Task details: Starting at the line that contains "theory Defs", restate each line word for word through the final line of the data, keeping both ends.

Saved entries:
(* Let $k\ge2$, $d=4\cdot3^{k-1}$, and let $p:\Psi^k\to\{1,\dots,d\}$ be any bijection. For each group-theoretical relation $(\gamma,\psi)$ of level $k$ define $h_{\gamma,\psi}:\Delta^{d-1}\to\mathbb{R}$ by $$h_{\gamma,\psi}(x)=\sigma\Bigl(\sum_{\psi'\in S(\gamma,\psi)}x_{p(\psi')}\Bigr)\,\sigma\bigl(x_{p(\psi)}\bigr),$$ and let $G^k(x)=\max h_{\gamma,\psi}(x)$, the maximum over all group-theoretical relations $(\gamma,\psi)$ of level $k$. Then $\inf_{x\in\Delta^{d-1}}G^k(x)=12\cdot3^{k-1}-3$.
   Context: $\Gamma$ is the free group on $\xi,\eta$; $|w|$ denotes reduced word length; $\Psi^k$ is the set of reduced words of length exactly $k$ (so $|\Psi^k|=4\cdot3^{k-1}$). $\Delta^{d-1}=\{x\in\mathbb{R}^d: x_i>0,\ \sum_i x_i=1\}$ and $\sigma(t)=(1-t)/t$ for $t\in(0,1)$. A group-theoretical relation of level $k$ is a pair $(\gamma,\psi)$ with $\gamma\in\Gamma\setminus\{1\}$, $|\gamma|\le k$, $\psi\in\Psi^k$, and $|\gamma\psi|\le k$. For such a pair, $S(\gamma,\psi)\subset\Psi^k$ is: if $\gamma\psi=1$, the set of words in $\Psi^k$ whose first letter equals the first letter of the reduced word $\gamma$; if $\gamma\psi\ne1$, the set of words in $\Psi^k$ that do not have the reduced word $\gamma\psi$ as an initial subword. (In all cases $S(\gamma,\psi)$ is a nonempty proper subset of $\Psi^k$, so $h_{\gamma,\psi}$ is well defined.) *)

theory Defs
  imports Complex_Main "HOL-Library.Sublist"
begin

text \<open>Free group on two generators xi, eta, realised as reduced words.
  A letter is a generator together with a flag: False = the generator, True = its inverse.\<close>

datatype gen = Xi | Eta

type_synonym letter = "gen \<times> bool"
type_synonym word = "letter list"

definition inv_letter :: "letter \<Rightarrow> letter" where
  "inv_letter a = (fst a, \<not> snd a)"

definition reduced :: "word \<Rightarrow> bool" where
  "reduced w \<longleftrightarrow> (\<forall>i. Suc i < length w \<longrightarrow> w ! Suc i \<noteq> inv_letter (w ! i))"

Answer to this problem:
theory Defs
  imports Complex_Main "HOL-Library.Sublist"
begin

text \<open>Free group on two generators xi, eta, realised as reduced words.
  A letter is a generator together with a flag: False = the generator, True = its inverse.\<close>

datatype gen = Xi | Eta

type_synonym letter = "gen \<times> bool"
type_synonym word = "letter list"

definition inv_letter :: "letter \<Rightarrow> letter" where
  "inv_letter a = (fst a, \<not> snd a)"

definition reduced :: "word \<Rightarrow> bool" where
  "reduced w \<longleftrightarrow> (\<forall>i. Suc i < length w \<longrightarrow> w ! Suc i \<noteq> inv_letter (w ! i))"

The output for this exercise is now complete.